- **TASK DIRECTIONS**:
Print the lines that run from the line with "so the induced" to the line with "E I \<longleftrightarrow>", keeping both end lines, exactly as they appear in the entries below, and nothing else.

-*-*-

(* Let $\mathbb T$ be a finitary monad corresponding to an algebraic theory over a signature $\Sigma$, and let $B$ be a $\mathbb T$-algebra finitely generated by a finite set $B_0$. For every reactive expression $e\in\mathrm{Exp}_\Sigma(B_0)$ there exist a $\mathbb T$-automaton $m$ (with output algebra $B$ and finite state set $X$) and a state $x\in X$ with $\llbracket e\rrbracket=\llbracket x\rrbracket_m$; conversely, for every such $\mathbb T$-automaton $m$ and every state $x\in X$ there is a reactive expression $e\in\mathrm{Exp}_\Sigma(B_0)$ with $\llbracket e\rrbracket=\llbracket x\rrbracket_m$.
   Context: Fix a finite set of actions $A=\{a_1,\dots,a_n\}$; $LX=B\times X^A$; $L$-coalgebras $(X,o,\partial_a)$ with $\partial_\epsilon(x)=x$, $\partial_{aw}(x)=\partial_w(\partial_a(x))$; $B^{A^*}$ is the final $L$-coalgebra ($o(\sigma)=\sigma(\epsilon)$, $\partial_a\sigma=\lambda w.\sigma(aw)$) and $\llbracket-\rrbracket$ denotes the unique coalgebra morphism into it. $TX$ is the set of $\Sigma$-terms over $X$ modulo the theory; "finitely generated by $B_0$" means there is a surjective $\mathbb T$-algebra morphism $TB_0\to B$. A $\mathbb T$-automaton consists of a finite set $X$, the algebra $a^m:TB\to B$, and maps $o^m:X\to B$, $t^m:A\times X\to TX$; its trace semantics is $\llbracket x\rrbracket_m=\llbracket\eta_X(x)\rrbracket_{TX}$, where $TX$ carries the $L$-coalgebra structure $m^\sharp:TX\to B\times(TX)^A$, the unique $\mathbb T$-algebra morphism (for the componentwise algebra structure built from $a^m$ and the free structure on $TX$) with $m^\sharp(\eta_X(x))=(o^m(x),\lambda a.\,t^m(a,x))$. Reactive expressions are the closed terms $\delta$ of the grammar $\delta::=x\mid\gamma\mid f(\delta,\dots,\delta)$ ($f\in\Sigma$), $\gamma::=\mu x.\,(a_1.\delta\pitchfork\cdots\pitchfork a_n.\delta\pitchfork\beta)$, $\beta::=b\mid f(\beta,\dots,\beta)$ ($b\in B_0$); their set $\mathrm{Exp}_\Sigma(B_0)$ is an $L$-coalgebra via $o(f(e_1,\dots,e_k))=f^B(o(e_1),\dots,o(e_k))$, $\partial_a(f(e_1,\dots,e_k))=f(\partial_a e_1,\dots,\partial_a e_k)$, $o(\mu x.(a_1.e_1\pitchfork\cdots\pitchfork a_n.e_n\pitchfork\beta))=$ the value of $\beta$ in $B$, $\partial_{a_i}(\mu x.(a_1.e_1\pitchfork\cdots\pitchfork a_n.e_n\pitchfork\beta))=e_i[\mu x.(a_1.e_1\pitchfork\cdots\pitchfork a_n.e_n\pitchfork\beta)/x]$, and $\llbracket e\rrbracket$ is the trace semantics of $e$ in this coalgebra. *)

theory Defs
  imports Main
begin

text \<open>A signature is a type of function symbols 'f with an arity map ar (finite arities,
  so the induced monad is finitary). Sigma-terms over variables 'v:\<close>

datatype ('f,'v) trm = Var 'v | App 'f "('f,'v) trm list"

fun wf_trm :: "('f \<Rightarrow> nat) \<Rightarrow> ('f,'v) trm \<Rightarrow> bool" where
  "wf_trm ar (Var x) = True"
| "wf_trm ar (App f ts) = (length ts = ar f \<and> (\<forall>t\<in>set ts. wf_trm ar t))"

fun vars_trm :: "('f,'v) trm \<Rightarrow> 'v set" where
  "vars_trm (Var x) = {x}"
| "vars_trm (App f ts) = (\<Union>t\<in>set ts. vars_trm t)"

fun eval_trm :: "('f \<Rightarrow> 'b list \<Rightarrow> 'b) \<Rightarrow> ('v \<Rightarrow> 'b) \<Rightarrow> ('f,'v) trm \<Rightarrow> 'b" where
  "eval_trm I \<rho> (Var x) = \<rho> x"
| "eval_trm I \<rho> (App f ts) = I f (map (eval_trm I \<rho>) ts)"

fun subst_trm :: "('v \<Rightarrow> ('f,'w) trm) \<Rightarrow> ('f,'v) trm \<Rightarrow> ('f,'w) trm" where
  "subst_trm \<sigma> (Var x) = \<sigma> x"
| "subst_trm \<sigma> (App f ts) = App f (map (subst_trm \<sigma>) ts)"

definition eq_theory :: "('f \<Rightarrow> nat) \<Rightarrow> ('f,nat) trm rel \<Rightarrow> bool" where
  "eq_theory ar E \<longleftrightarrow> (\<forall>(l,r)\<in>E. wf_trm ar l \<and> wf_trm ar r)"

inductive eqv :: "('f \<Rightarrow> nat) \<Rightarrow> ('f,nat) trm rel \<Rightarrow> ('f,'v) trm \<Rightarrow> ('f,'v) trm \<Rightarrow> bool"
  for ar E where
  eqv_refl: "eqv ar E t t"
| eqv_sym: "eqv ar E s t \<Longrightarrow> eqv ar E t s"
| eqv_trans: "eqv ar E s t \<Longrightarrow> eqv ar E t u \<Longrightarrow> eqv ar E s u"
| eqv_cong: "length ss = length ts \<Longrightarrow> (\<forall>i<length ts. eqv ar E (ss ! i) (ts ! i))
              \<Longrightarrow> eqv ar E (App f ss) (App f ts)"
| eqv_inst: "(l,r) \<in> E \<Longrightarrow> (\<forall>v. wf_trm ar (\<sigma> v))
              \<Longrightarrow> eqv ar E (subst_trm \<sigma> l) (subst_trm \<sigma> r)"

definition is_T_algebra :: "('f,nat) trm rel \<Rightarrow> ('f \<Rightarrow> 'b list \<Rightarrow> 'b) \<Rightarrow> bool" where
  "is_T_algebra E I \<longleftrightarrow> (\<forall>(l,r)\<in>E. \<forall>\<rho>. eval_trm I \<rho> l = eval_trm I \<rho> r)"

text \<open>B finitely generated by B0: B0 finite and the T-algebra morphism TB0 \<rightarrow> B extending
  the inclusion (i.e. evaluation of terms over B0) is surjective.\<close>

definition fin_generated :: "('f \<Rightarrow> nat) \<Rightarrow> ('f \<Rightarrow> 'b list \<Rightarrow> 'b) \<Rightarrow> 'b set \<Rightarrow> bool" where
  "fin_generated ar I B0 \<longleftrightarrow> finite B0 \<and>
     (\<forall>b. \<exists>t. wf_trm ar t \<and> vars_trm t \<subseteq> B0 \<and> eval_trm I id t = b)"

text \<open>For an L-coalgebra (o, d), the unique morphism into B^(A*) maps x to w \<mapsto> o(d_w x),
  with d_eps x = x and d_(aw) x = d_w (d_a x).\<close>

definition trace :: "('c \<Rightarrow> 'b) \<Rightarrow> ('a \<Rightarrow> 'c \<Rightarrow> 'c) \<Rightarrow> 'c \<Rightarrow> 'a list \<Rightarrow> 'b" where
  "trace out der x = (\<lambda>w. out (foldl (\<lambda>c a. der a c) x w))"

text \<open>The equivalence class of a term in TX (terms over X modulo the theory).\<close>

definition tclass :: "('f \<Rightarrow> nat) \<Rightarrow> ('f,nat) trm rel \<Rightarrow> 'x set \<Rightarrow> ('f,'x) trm \<Rightarrow> ('f,'x) trm set" where
  "tclass ar E X t = {s. wf_trm ar s \<and> vars_trm s \<subseteq> X \<and> eqv ar E t s}"

definition TSet :: "('f \<Rightarrow> nat) \<Rightarrow> ('f,nat) trm rel \<Rightarrow> 'x set \<Rightarrow> ('f,'x) trm set set" where
  "TSet ar E X = {tclass ar E X t | t. wf_trm ar t \<and> vars_trm t \<subseteq> X}"

definition rep :: "('f,'x) trm set \<Rightarrow> ('f,'x) trm" where
  "rep c = (SOME t. t \<in> c)"

text \<open>A T-automaton with output algebra B (given by I): finite state set X,
  output map om : X \<Rightarrow> B, transitions tm : A \<times> X \<Rightarrow> TX.\<close>

definition is_T_automaton :: "('f \<Rightarrow> nat) \<Rightarrow> ('f,nat) trm rel \<Rightarrow> 'x set
     \<Rightarrow> ('a \<Rightarrow> 'x \<Rightarrow> ('f,'x) trm set) \<Rightarrow> bool" where
  "is_T_automaton ar E X tm \<longleftrightarrow> finite X \<and> (\<forall>a. \<forall>x\<in>X. tm a x \<in> TSet ar E X)"

text \<open>The L-coalgebra structure m# on TX: the T-algebra morphism extending
  eta(x) \<mapsto> (om x, \<lambda>a. tm a x); computed on representatives.\<close>

definition aut_out :: "('f \<Rightarrow> 'b list \<Rightarrow> 'b) \<Rightarrow> ('x \<Rightarrow> 'b) \<Rightarrow> ('f,'x) trm set \<Rightarrow> 'b" where
  "aut_out I om c = eval_trm I om (rep c)"

definition aut_der :: "('f \<Rightarrow> nat) \<Rightarrow> ('f,nat) trm rel \<Rightarrow> 'x set
     \<Rightarrow> ('a \<Rightarrow> 'x \<Rightarrow> ('f,'x) trm set) \<Rightarrow> 'a \<Rightarrow> ('f,'x) trm set \<Rightarrow> ('f,'x) trm set" where
  "aut_der ar E X tm a c = tclass ar E X (subst_trm (\<lambda>x. rep (tm a x)) (rep c))"

definition aut_sem :: "('f \<Rightarrow> nat) \<Rightarrow> ('f,nat) trm rel \<Rightarrow> ('f \<Rightarrow> 'b list \<Rightarrow> 'b) \<Rightarrow> 'x set
     \<Rightarrow> ('x \<Rightarrow> 'b) \<Rightarrow> ('a \<Rightarrow> 'x \<Rightarrow> ('f,'x) trm set) \<Rightarrow> 'x \<Rightarrow> 'a list \<Rightarrow> 'b" where
  "aut_sem ar E I X om tm x = trace (aut_out I om) (aut_der ar E X tm) (tclass ar E X (Var x))"

text \<open>RMu x br beta stands for  mu x. (a1.br(a1) \<pitchfork> ... \<pitchfork> an.br(an) \<pitchfork> beta).\<close>

datatype ('f,'a,'b) rexp =
    RVar nat
  | RMu nat "'a \<Rightarrow> ('f,'a,'b) rexp" "('f,'b) trm"
  | RApp 'f "('f,'a,'b) rexp list"

primrec fv_rexp :: "('f,'a,'b) rexp \<Rightarrow> nat set" where
  "fv_rexp (RVar x) = {x}"
| "fv_rexp (RMu x br \<beta>) = (\<Union> (range (\<lambda>a. fv_rexp (br a)))) - {x}"
| "fv_rexp (RApp f es) = \<Union> (set (map fv_rexp es))"

primrec wf_rexp :: "('f \<Rightarrow> nat) \<Rightarrow> 'b set \<Rightarrow> ('f,'a,'b) rexp \<Rightarrow> bool" where
  "wf_rexp ar B0 (RVar x) = True"
| "wf_rexp ar B0 (RMu x br \<beta>) =
     ((\<forall>a. wf_rexp ar B0 (br a)) \<and> wf_trm ar \<beta> \<and> vars_trm \<beta> \<subseteq> B0)"
| "wf_rexp ar B0 (RApp f es) = (length es = ar f \<and> list_all id (map (wf_rexp ar B0) es))"

definition reactive :: "('f \<Rightarrow> nat) \<Rightarrow> 'b set \<Rightarrow> ('f,'a,'b) rexp \<Rightarrow> bool" where
  "reactive ar B0 e \<longleftrightarrow> fv_rexp e = {} \<and> wf_rexp ar B0 e"

text \<open>Substitution of a (closed) expression g for the free variable x.\<close>

primrec subst_rexp :: "nat \<Rightarrow> ('f,'a,'b) rexp \<Rightarrow> ('f,'a,'b) rexp \<Rightarrow> ('f,'a,'b) rexp" where
  "subst_rexp x g (RVar y) = (if y = x then g else RVar y)"
| "subst_rexp x g (RMu y br \<beta>) =
     (if y = x then RMu y br \<beta> else RMu y (\<lambda>a. subst_rexp x g (br a)) \<beta>)"
| "subst_rexp x g (RApp f es) = RApp f (map (subst_rexp x g) es)"

primrec rexp_out :: "('f \<Rightarrow> 'b list \<Rightarrow> 'b) \<Rightarrow> ('f,'a,'b) rexp \<Rightarrow> 'b" where
  "rexp_out I (RVar x) = undefined"
| "rexp_out I (RMu x br \<beta>) = eval_trm I id \<beta>"
| "rexp_out I (RApp f es) = I f (map (rexp_out I) es)"

primrec rexp_der :: "'a \<Rightarrow> ('f,'a,'b) rexp \<Rightarrow> ('f,'a,'b) rexp" where
  "rexp_der a (RVar x) = RVar x"
| "rexp_der a (RMu x br \<beta>) = subst_rexp x (RMu x br \<beta>) (br a)"
| "rexp_der a (RApp f es) = RApp f (map (rexp_der a) es)"

definition rexp_sem :: "('f \<Rightarrow> 'b list \<Rightarrow> 'b) \<Rightarrow> ('f,'a,'b) rexp \<Rightarrow> 'a list \<Rightarrow> 'b" where
  "rexp_sem I e = trace (rexp_out I) rexp_der e"
(* Let $D$ be a squarefree integer and let $q>3$ be a prime dividing $D$. Then $H_D^{(q)}=\{kP : k\text{ odd and } x(kP)\equiv -18\pmod q\}$; in particular $H_D^{(q)}$ does not depend on $D$.
   Context: $C_D\subset\mathbb{P}^4$ is the curve over $\mathbb{Q}$ given by $X_0^2-2X_1^2+X_2^2=0$, $X_1^2-2X_2^2+DX_3^2=0$, $X_2^2-2DX_3^2+X_4^2=0$; $C_D(\mathbb{F}_q)$ denotes the $\mathbb{F}_q$-points of the variety defined by these equations reduced mod $q$. $E^{(1)}: y^2=x(x+2)(x+6)$, $P=(6,24)\in E^{(1)}(\mathbb{Q})$, $H=\{kP: k\text{ odd}\}$, and $\phi:C_D\to E^{(1)}$ is $\phi([x_0:\dots:x_4])=(6x_0^2/x_4^2,\,24x_0x_1x_2/x_4^3)$, with $\phi_q$ its reduction mod $q$. $\mathrm{red}_q:E^{(1)}(\mathbb{Q})\to E^{(1)}(\mathbb{F}_q)$ is reduction mod $q$, and $H_D^{(q)}:=\{R\in H : \mathrm{red}_q(R)\in\phi_q(C_D(\mathbb{F}_q))\}$. The condition $x(kP)\equiv-18\pmod q$ means the reduction of $kP$ has $x$-coordinate $-18\in\mathbb{F}_q$. *)

theory Defs
  imports Complex_Main "HOL-Computational_Algebra.Squarefree" "HOL-Number_Theory.Cong"
begin

(* Points of E^(1): y^2 = x(x+2)(x+6) = x^3 + 8x^2 + 12x over Q.
   None is the point at infinity O. *)
type_synonym ratpt = "(rat \<times> rat) option"

definition on_E1 :: "ratpt \<Rightarrow> bool" where
  "on_E1 R = (case R of None \<Rightarrow> True | Some (x, y) \<Rightarrow> y^2 = x * (x + 2) * (x + 6))"

definition ec_neg :: "ratpt \<Rightarrow> ratpt" where
  "ec_neg R = (case R of None \<Rightarrow> None | Some (x, y) \<Rightarrow> Some (x, - y))"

-*-*-

- **ANSWER SECTION**:
  so the induced monad is finitary). Sigma-terms over variables 'v:\<close>

datatype ('f,'v) trm = Var 'v | App 'f "('f,'v) trm list"

fun wf_trm :: "('f \<Rightarrow> nat) \<Rightarrow> ('f,'v) trm \<Rightarrow> bool" where
  "wf_trm ar (Var x) = True"
| "wf_trm ar (App f ts) = (length ts = ar f \<and> (\<forall>t\<in>set ts. wf_trm ar t))"

fun vars_trm :: "('f,'v) trm \<Rightarrow> 'v set" where
  "vars_trm (Var x) = {x}"
| "vars_trm (App f ts) = (\<Union>t\<in>set ts. vars_trm t)"

fun eval_trm :: "('f \<Rightarrow> 'b list \<Rightarrow> 'b) \<Rightarrow> ('v \<Rightarrow> 'b) \<Rightarrow> ('f,'v) trm \<Rightarrow> 'b" where
  "eval_trm I \<rho> (Var x) = \<rho> x"
| "eval_trm I \<rho> (App f ts) = I f (map (eval_trm I \<rho>) ts)"

fun subst_trm :: "('v \<Rightarrow> ('f,'w) trm) \<Rightarrow> ('f,'v) trm \<Rightarrow> ('f,'w) trm" where
  "subst_trm \<sigma> (Var x) = \<sigma> x"
| "subst_trm \<sigma> (App f ts) = App f (map (subst_trm \<sigma>) ts)"

definition eq_theory :: "('f \<Rightarrow> nat) \<Rightarrow> ('f,nat) trm rel \<Rightarrow> bool" where
  "eq_theory ar E \<longleftrightarrow> (\<forall>(l,r)\<in>E. wf_trm ar l \<and> wf_trm ar r)"

inductive eqv :: "('f \<Rightarrow> nat) \<Rightarrow> ('f,nat) trm rel \<Rightarrow> ('f,'v) trm \<Rightarrow> ('f,'v) trm \<Rightarrow> bool"
  for ar E where
  eqv_refl: "eqv ar E t t"
| eqv_sym: "eqv ar E s t \<Longrightarrow> eqv ar E t s"
| eqv_trans: "eqv ar E s t \<Longrightarrow> eqv ar E t u \<Longrightarrow> eqv ar E s u"
| eqv_cong: "length ss = length ts \<Longrightarrow> (\<forall>i<length ts. eqv ar E (ss ! i) (ts ! i))
              \<Longrightarrow> eqv ar E (App f ss) (App f ts)"
| eqv_inst: "(l,r) \<in> E \<Longrightarrow> (\<forall>v. wf_trm ar (\<sigma> v))
              \<Longrightarrow> eqv ar E (subst_trm \<sigma> l) (subst_trm \<sigma> r)"

definition is_T_algebra :: "('f,nat) trm rel \<Rightarrow> ('f \<Rightarrow> 'b list \<Rightarrow> 'b) \<Rightarrow> bool" where
  "is_T_algebra E I \<longleftrightarrow> (\<forall>(l,r)\<in>E. \<forall>\<rho>. eval_trm I \<rho> l = eval_trm I \<rho> r)"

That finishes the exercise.